Code size and compilation time tips for async?

I've read broad claims that async fns are much more expensive to compile than fns. This makes sense because they must do work at least equivalent to moving all their arguments into a closure and returning the closure (that is, returning a not-yet-started Future). I've even found a substantial improvement in code size by de-asyncifying a set of functions that turned out to never have any need for it.

But in general, are there noteworthy code-size/compile-performance techniques for async fns?

I've thought of some dubious ideas:

  • Would making async fns call inner fns to do non-async parts of the work improve anything over the same code inline? (I'd hope the compiler can see this simple case itself.)
  • I could watch carefully for the pattern async { doesnt_need_awaiting() } and make sure to replace it with std::future::ready(doesnt_need_awaiting()), where the change in evaluation order is acceptable. But that doesn't come up very often.

Are there any better ideas? Articles? What's the min-sized-rust of async?


I would expect a lint to exist for this. In the JS world, eslint will complain if you use an async function without awaiting anything.

There is redundant_async_block but that is for async { foo().await } only, and unused_async but that is for async fn only. Note that the semantics are different between the two cases I showed: they change when doesnt_need_awaiting() is called (and potentially on what thread).

Also, let's please not dig too far into that.

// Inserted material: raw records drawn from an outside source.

text \<open>
  Call a sensor i far if |w\<bullet>x_i| \<ge> r.  An update can leave a far sensor in a
  wrong state only if its target label has no strict majority among its neighbours' initial
  states ("failure at i"); so it suffices to bound the probability of failure at each i and
  take a union bound over the N sensors.

  Failure at a far sensor i is bounded by a Chernoff argument: weight a neighbour's vote by
  1/z if it agrees with the target label of i and by z = 2(1-\<eta>) otherwise.  On failure the
  product of the weights is \<ge> 1, so by Markov and independence of the noise the conditional
  failure probability is at most the product of the mean weights.  A neighbour off the
  separator lies on the same side as i, so its mean weight is \<le> 1 - 2(1/2-\<eta>)^2.
  Averaging over the positions, each other sensor is such a neighbour with probability
  \<ge> (r/2)^d, giving the bound (1-2a)^(N-1) with a = (r/2)^d (1/2-\<eta>)^2, and
  N (1-2a)^(N-1) \<le> \<delta> by the assumption on N.
\<close>

lemma prob_space_unit_ball:
  "prob_space (uniform_measure lborel (cball (0::'a::euclidean_space) 1))"
proof (rule prob_space_uniform_measure)
  show "emeasure lborel (cball (0::'a) 1) \<noteq> 0"
    using unit_ball_vol_pos[of "real DIM('a)"] by (simp add: emeasure_cball del: unit_ball_vol_pos)
qed (metis emeasure_lborel_cball_finite less_irrefl infinity_ennreal_def)

lemma prob_space_pos_space: "prob_space (pos_space N :: (nat \<Rightarrow> 'a::euclidean_space) measure)"
  unfolding pos_space_def by (intro prob_space_PiM prob_space_unit_ball)

lemma prob_space_noise_kernel: "prob_space (noise_kernel N q X)"
  unfolding noise_kernel_def by (intro prob_space_PiM prob_space_measure_pmf)

lemma sets_noise_kernel: "sets (noise_kernel N q X) = sets (state_space N)"
  unfolding noise_kernel_def state_space_def by (intro sets_PiM_cong) auto

lemma space_noise_kernel: "space (noise_kernel N q X) = space (state_space N)"
  using sets_noise_kernel by (rule sets_eq_imp_space_eq)

lemma measurable_joint_kernel:
  assumes "noise_kernel N q \<in> measurable (pos_space N) (subprob_algebra (state_space N))"
  shows "(\<lambda>X. noise_kernel N q X \<bind> (\<lambda>s. return (pos_space N \<Otimes>\<^sub>M state_space N) (X, s)))
           \<in> measurable (pos_space N) (subprob_algebra (pos_space N \<Otimes>\<^sub>M state_space N))"
  by (rule measurable_bind[OF assms]) measurable

lemma measurable_pair_with:
  assumes "X \<in> space (pos_space N)"
  shows "(\<lambda>s. (X, s)) \<in> measurable (noise_kernel N q X) (pos_space N \<Otimes>\<^sub>M state_space N)"
  using measurable_Pair1'[OF assms] by (simp cong: measurable_cong_sets add: sets_noise_kernel)

lemma joint_model_sets_prob:
  fixes q :: "(nat \<Rightarrow> 'a::euclidean_space) \<Rightarrow> nat \<Rightarrow> real pmf"
  assumes q_meas: "noise_kernel N q \<in> measurable (pos_space N) (subprob_algebra (state_space N))"
  shows "sets (joint_model N q) = sets (pos_space N \<Otimes>\<^sub>M state_space N)"
    and "prob_space (joint_model N q)"
proof -
  let ?P = "pos_space N \<Otimes>\<^sub>M state_space N"
  have ne: "space (pos_space N :: (nat \<Rightarrow> 'a) measure) \<noteq> {}"
    using prob_space.not_empty[OF prob_space_pos_space] by blast
  have ne_kernel: "space (noise_kernel N q X) \<noteq> {}" for X
    using prob_space.not_empty[OF prob_space_noise_kernel] by blast
  show "sets (joint_model N q) = sets ?P"
    unfolding joint_model_def by (rule sets_bind[OF sets_bind[OF _ ne_kernel] ne]) simp
  have "prob_space (noise_kernel N q X \<bind> (\<lambda>s. return ?P (X, s)))"
    if X: "X \<in> space (pos_space N)" for X
  proof (rule prob_space.prob_space_bind[OF prob_space_noise_kernel])
    show "(\<lambda>s. return ?P (X, s)) \<in> measurable (noise_kernel N q X) (subprob_algebra ?P)"
      using measurable_pair_with[OF X] by measurable
    show "AE s in noise_kernel N q X. prob_space (return ?P (X, s))"
      using X by (intro AE_I2 prob_space_return) (simp add: space_pair_measure space_noise_kernel)
  qed
  then show "prob_space (joint_model N q)"
    unfolding joint_model_def
    by (intro prob_space.prob_space_bind[OF prob_space_pos_space _ measurable_joint_kernel[OF q_meas]]
        AE_I2)
qed

lemma joint_model_emeasure:
  fixes q :: "(nat \<Rightarrow> 'a::euclidean_space) \<Rightarrow> nat \<Rightarrow> real pmf"
  assumes q_meas: "noise_kernel N q \<in> measurable (pos_space N) (subprob_algebra (state_space N))"
    and A: "A \<in> sets (pos_space N \<Otimes>\<^sub>M state_space N)"
  shows "emeasure (joint_model N q) A =
    (\<integral>\<^sup>+X. emeasure (noise_kernel N q X) {s \<in> space (state_space N). (X, s) \<in> A} \<partial>pos_space N)"
proof -
  let ?P = "pos_space N \<Otimes>\<^sub>M state_space N"
  have ne: "space (pos_space N :: (nat \<Rightarrow> 'a) measure) \<noteq> {}"
    using prob_space.not_empty[OF prob_space_pos_space] by blast
  have "emeasure (joint_model N q) A =
          (\<integral>\<^sup>+X. emeasure (noise_kernel N q X \<bind> (\<lambda>s. return ?P (X, s))) A \<partial>pos_space N)"
    unfolding joint_model_def by (rule emeasure_bind[OF ne measurable_joint_kernel[OF q_meas] A])
  also have "\<dots> = (\<integral>\<^sup>+X. emeasure (noise_kernel N q X) {s \<in> space (state_space N). (X, s) \<in> A} \<partial>pos_space N)"
  proof (rule nn_integral_cong)
    fix X :: "nat \<Rightarrow> 'a" assume X: "X \<in> space (pos_space N)"
    have ne_kernel: "space (noise_kernel N q X) \<noteq> {}"
      using prob_space.not_empty[OF prob_space_noise_kernel] by blast
    note m = measurable_pair_with[OF X]
    show "emeasure (noise_kernel N q X \<bind> (\<lambda>s. return ?P (X, s))) A
            = emeasure (noise_kernel N q X) {s \<in> space (state_space N). (X, s) \<in> A}"
      by (simp add: bind_return_distr'[OF ne_kernel m] emeasure_distr[OF m A] space_noise_kernel
            vimage_def Int_def conj_commute)
  qed
  finally show ?thesis .
qed

lemma half_ball_inside:
  fixes y :: "'a::real_normed_vector"
  assumes y: "norm y \<le> 1" and r: "0 < r" "r \<le> 2"
  shows "cball ((1 - r/2) *\<^sub>R y) (r/2) \<subseteq> cball 0 1 \<inter> cball y r"
proof
  fix x assume x: "x \<in> cball ((1 - r/2) *\<^sub>R y) (r/2)"
  let ?c = "(1 - r/2) *\<^sub>R y"
  have "norm x \<le> norm ?c + r/2"
    using x norm_triangle_ineq2[of x ?c] by (auto simp: dist_norm norm_minus_commute)
  also have "norm ?c = (1 - r/2) * norm y"
    using r by simp
  also have "\<dots> \<le> 1 - r/2"
    using r y mult_left_mono[of "norm y" 1 "1 - r/2"] by simp
  finally have "norm x \<le> 1" by simp
  moreover have "dist y x \<le> dist y ?c + dist ?c x"
    by (rule dist_triangle)
  moreover have "y - ?c = (r/2) *\<^sub>R y"
    by (simp add: algebra_simps)
  then have "dist y ?c = r/2 * norm y"
    using r by (simp add: dist_norm)
  moreover have "r/2 * norm y \<le> r/2"
    using r y mult_left_mono[of "norm y" 1 "r/2"] by simp
  ultimately show "x \<in> cball 0 1 \<inter> cball y r"
    using x by (simp add: dist_commute)
qed

lemma uniform_ball_prob_ge:
  fixes y :: "'a::euclidean_space"
  assumes y: "norm y \<le> 1" and r: "0 < r" "r \<le> 2"
  shows "measure (uniform_measure lborel (cball (0::'a) 1)) (cball y r) \<ge> (r/2) ^ DIM('a)"
proof -
  let ?V = "unit_ball_vol (real DIM('a))"
  have V: "0 < ?V" by (rule unit_ball_vol_pos) simp
  have "?V * (r/2) ^ DIM('a) = measure lborel (cball ((1 - r/2) *\<^sub>R y) (r/2))"
    using r by (simp add: content_cball)
  also have "\<dots> \<le> measure lborel (cball 0 1 \<inter> cball y r)"
  proof (rule measure_mono_fmeasurable[OF half_ball_inside[OF y r]])
    show "cball 0 1 \<inter> cball y r \<in> fmeasurable lborel"
      by (rule fmeasurableI2[of "cball 0 1"]) (auto simp: fmeasurable_def emeasure_lborel_cball_finite[unfolded infinity_ennreal_def])
  qed simp
  also have "\<dots> = ?V * measure (uniform_measure lborel (cball (0::'a) 1)) (cball y r)"
    using V by (subst measure_uniform_measure)
       (auto simp: emeasure_cball content_cball emeasure_lborel_cball_finite simp del: unit_ball_vol_pos)
  finally show ?thesis
    using V by simp
qed

lemma sgn_inner_near:
  fixes w x y :: "'a::real_inner"
  assumes w: "norm w = 1" and far: "r \<le> \<bar>w \<bullet> x\<bar>" and near: "norm (x - y) \<le> r"
    and off: "w \<bullet> y \<noteq> 0"
  shows "sgn (w \<bullet> y) = sgn (w \<bullet> x)"
proof -
  have "\<bar>w \<bullet> x - w \<bullet> y\<bar> \<le> norm w * norm (x - y)"
    using Cauchy_Schwarz_ineq2[of w "x - y"] by (simp add: inner_diff_right)
  then have "\<bar>w \<bullet> x - w \<bullet> y\<bar> \<le> r"
    using w near by simp
  then show ?thesis
    using far off by (auto simp: sgn_real_def split: if_splits)
qed

text \<open>Hyperplanes are Lebesgue-null, so almost surely a uniform point of the unit ball does not
  lie on the target separator.\<close>

lemma AE_uniform_off_hyperplane:
  fixes w :: "'a::euclidean_space"
  assumes "w \<noteq> 0"
  shows "AE x in uniform_measure lborel (cball (0::'a) 1). w \<bullet> x \<noteq> 0"
proof (rule AE_uniform_measureI)
  have "{x. w \<bullet> x = 0} \<in> null_sets lborel"
    using negligible_hyperplane[of w 0] assms
    by (auto simp: null_sets_completion_iff negligible_iff_null_sets)
  from AE_not_in[OF this] show "AE x in lborel. x \<in> cball 0 1 \<longrightarrow> w \<bullet> x \<noteq> 0"
    by eventually_elim simp
qed simp

text \<open>Exponential tilt used for the Chernoff bound on a majority vote: a vote for the value T
  has weight 1/z, any other vote weight z.  For z \<ge> 1 the product of the weights over a
  neighbourhood is \<ge> 1 unless T has a strict majority there.\<close>

definition tilt :: "real \<Rightarrow> real \<Rightarrow> real \<Rightarrow> real" where
  "tilt z T v = (if v = T then 1/z else z)"

lemma tilt_expectation:
  fixes p :: "real pmf"
  assumes z: "0 < z"
  shows "(\<integral>\<^sup>+v. ennreal (tilt z T v) \<partial>measure_pmf p) = ennreal (z + (1/z - z) * pmf p T)"
proof -
  have ind: "integrable (measure_pmf p) (indicator {T} :: real \<Rightarrow> real)"
    by (rule integrable_real_indicator) (auto simp: measure_pmf.emeasure_finite[unfolded infinity_ennreal_def] less_top[symmetric])
  have tilt: "tilt z T = (\<lambda>v. z + (1/z - z) * indicator {T} v)"
    by (auto simp: tilt_def indicator_def)
  have "(\<integral>\<^sup>+v. ennreal (tilt z T v) \<partial>measure_pmf p) = ennreal (\<integral>v. tilt z T v \<partial>measure_pmf p)"
  proof (rule nn_integral_eq_integral)
    show "integrable (measure_pmf p) (tilt z T)"
      unfolding tilt using ind by simp
  qed (use z in \<open>simp add: tilt_def\<close>)
  also have "(\<integral>v. tilt z T v \<partial>measure_pmf p) = z + (1/z - z) * pmf p T"
    using ind by (simp add: tilt measure_pmf.prob_space measure_pmf_single)
  finally show ?thesis .
qed

lemma inverse_le_self:
  fixes z :: real
  assumes "1 \<le> z"
  shows "1/z \<le> z"
  using assms by (simp add: divide_le_eq) (metis mult_mono order.trans mult_1 zero_le_one)

lemma tilt_expectation_le:
  fixes p :: "real pmf"
  assumes z: "1 \<le> z"
  shows "(\<integral>\<^sup>+v. ennreal (tilt z T v) \<partial>measure_pmf p) \<le> ennreal z"
proof -
  have "(1/z - z) * pmf p T \<le> 0"
    using inverse_le_self[OF z] by (simp add: mult_nonpos_nonneg)
  then show ?thesis
    using z by (simp add: tilt_expectation ennreal_leI)
qed

lemma tilt_expectation_noisy:
  fixes p :: "real pmf"
  assumes eta: "0 \<le> \<eta>" "\<eta> < 1/2" and pT: "1 - \<eta> \<le> pmf p T"
  shows "(\<integral>\<^sup>+v. ennreal (tilt (2*(1-\<eta>)) T v) \<partial>measure_pmf p) \<le> ennreal (1 - 2*(1/2 - \<eta>)^2)"
proof -
  define z where "z = 2*(1-\<eta>)"
  have z: "1 \<le> z" using eta by (simp add: z_def)
  have "z + (1/z - z) * pmf p T \<le> z + (1/z - z) * (1 - \<eta>)"
    using pT inverse_le_self[OF z] by (intro add_left_mono mult_left_mono_neg) auto
  also have "\<dots> = 1 - 2*(1/2 - \<eta>)^2"
    using eta by (simp add: z_def field_simps power2_eq_square)
  finally show ?thesis
    unfolding z_def[symmetric] using z by (subst tilt_expectation) (auto intro: ennreal_leI)
qed
(* Let $T$ be a tree with $ex(T)\ge1$, and let $g:V(T)\rightarrow [0,1]$ be any minimum resolving function of $T$. If $x$ is a major vertex, an interior degree-two vertex, or a vertex belonging to $T_v$ for some $v\in M_1(T)$, then $g(x)=0$.
   Context: $d(x,y)$ is the distance in the tree. For a function $g$ on $V(T)$ and $U\subseteq V(T)$, $g(U)=\sum_{s\in U}g(s)$. $R\{x,y\}=\{z: d(x,z)\ne d(y,z)\}$; $g:V(T)\to[0,1]$ is a resolving function if $g(R\{x,y\})\ge1$ for all distinct $x,y$; $\dim_f(T)$ is the minimum of $g(V(T))$ over resolving functions, and a minimum resolving function attains it. A leaf has degree one; a major vertex has degree at least three. A leaf $\ell$ is a terminal vertex of a major vertex $v$ if $d(\ell,v)<d(\ell,w)$ for every other major vertex $w$; $ter(v)$ is the number of terminal vertices of $v$; an exterior major vertex is a major vertex with $ter(v)>0$. $M(T)$ is the set of exterior major vertices, $ex(T)=|M(T)|$, $M_1(T)=\{w\in M(T): ter(w)=1\}$. For $v\in M(T)$, $T_v$ is the subtree induced by $v$ and all vertices on the paths joining $v$ to its terminal vertices. An interior degree-two vertex is a vertex of degree $2$ such that the shortest path from it to any terminal vertex includes a major vertex. *)

theory Defs
  imports "HOL-Analysis.Analysis"
begin

definition walk :: "'a set \<Rightarrow> ('a \<Rightarrow> 'a \<Rightarrow> bool) \<Rightarrow> 'a list \<Rightarrow> bool" where
  "walk V E xs \<longleftrightarrow> xs \<noteq> [] \<and> set xs \<subseteq> V \<and>
     (\<forall>i. Suc i < length xs \<longrightarrow> E (xs ! i) (xs ! Suc i))"

definition path :: "'a set \<Rightarrow> ('a \<Rightarrow> 'a \<Rightarrow> bool) \<Rightarrow> 'a \<Rightarrow> 'a \<Rightarrow> 'a list \<Rightarrow> bool" where
  "path V E u v xs \<longleftrightarrow> walk V E xs \<and> distinct xs \<and> hd xs = u \<and> last xs = v"

definition connected_graph :: "'a set \<Rightarrow> ('a \<Rightarrow> 'a \<Rightarrow> bool) \<Rightarrow> bool" where
  "connected_graph V E \<longleftrightarrow> (\<forall>u\<in>V. \<forall>v\<in>V. \<exists>xs. path V E u v xs)"

definition acyclic_graph :: "'a set \<Rightarrow> ('a \<Rightarrow> 'a \<Rightarrow> bool) \<Rightarrow> bool" where
  "acyclic_graph V E \<longleftrightarrow> \<not> (\<exists>xs. walk V E xs \<and> distinct xs \<and> length xs \<ge> 3 \<and> E (last xs) (hd xs))"

definition is_tree :: "'a set \<Rightarrow> ('a \<Rightarrow> 'a \<Rightarrow> bool) \<Rightarrow> bool" where
  "is_tree V E \<longleftrightarrow> finite V \<and> V \<noteq> {} \<and>
     (\<forall>u v. E u v \<longrightarrow> u \<in> V \<and> v \<in> V) \<and>
     (\<forall>u v. E u v \<longrightarrow> E v u) \<and> (\<forall>u. \<not> E u u) \<and>
     connected_graph V E \<and> acyclic_graph V E"

definition dist_g :: "'a set \<Rightarrow> ('a \<Rightarrow> 'a \<Rightarrow> bool) \<Rightarrow> 'a \<Rightarrow> 'a \<Rightarrow> nat" where
  "dist_g V E x y = (LEAST n. \<exists>xs. walk V E xs \<and> hd xs = x \<and> last xs = y \<and> length xs = Suc n)"

definition degree :: "'a set \<Rightarrow> ('a \<Rightarrow> 'a \<Rightarrow> bool) \<Rightarrow> 'a \<Rightarrow> nat" where
  "degree V E v = card {w \<in> V. E v w}"

definition leaf :: "'a set \<Rightarrow> ('a \<Rightarrow> 'a \<Rightarrow> bool) \<Rightarrow> 'a \<Rightarrow> bool" where
  "leaf V E v \<longleftrightarrow> v \<in> V \<and> degree V E v = 1"

definition major :: "'a set \<Rightarrow> ('a \<Rightarrow> 'a \<Rightarrow> bool) \<Rightarrow> 'a \<Rightarrow> bool" where
  "major V E v \<longleftrightarrow> v \<in> V \<and> degree V E v \<ge> 3"

definition terminal_of :: "'a set \<Rightarrow> ('a \<Rightarrow> 'a \<Rightarrow> bool) \<Rightarrow> 'a \<Rightarrow> 'a \<Rightarrow> bool" where
  "terminal_of V E v l \<longleftrightarrow> major V E v \<and> leaf V E l \<and>
     (\<forall>w. major V E w \<and> w \<noteq> v \<longrightarrow> dist_g V E l v < dist_g V E l w)"

definition ter :: "'a set \<Rightarrow> ('a \<Rightarrow> 'a \<Rightarrow> bool) \<Rightarrow> 'a \<Rightarrow> nat" where
  "ter V E v = card {l. terminal_of V E v l}"

definition ext_major :: "'a set \<Rightarrow> ('a \<Rightarrow> 'a \<Rightarrow> bool) \<Rightarrow> 'a set" where
  "ext_major V E = {v. major V E v \<and> ter V E v > 0}"

definition ex_num :: "'a set \<Rightarrow> ('a \<Rightarrow> 'a \<Rightarrow> bool) \<Rightarrow> nat" where
  "ex_num V E = card (ext_major V E)"

definition M1 :: "'a set \<Rightarrow> ('a \<Rightarrow> 'a \<Rightarrow> bool) \<Rightarrow> 'a set" where
  "M1 V E = {w \<in> ext_major V E. ter V E w = 1}"

definition T_sub :: "'a set \<Rightarrow> ('a \<Rightarrow> 'a \<Rightarrow> bool) \<Rightarrow> 'a \<Rightarrow> 'a set" where
  "T_sub V E v = {v} \<union> {z. \<exists>l xs. terminal_of V E v l \<and> path V E v l xs \<and> z \<in> set xs}"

I'm looking for tricks that I haven't already thought of (and yes, I've looked at all the available Clippy lints).


You're probably doing all of this already, but just in case.

  1. I try to avoid mixing generic code & async. So I will do things like:
    fn spawn_local(f: Pin<Box<dyn Future<Output = ()>>>) {

Yes, sure there is an extra heap allocation and a tiny performance hit. However, I don't mind paying this every time I spawn an async.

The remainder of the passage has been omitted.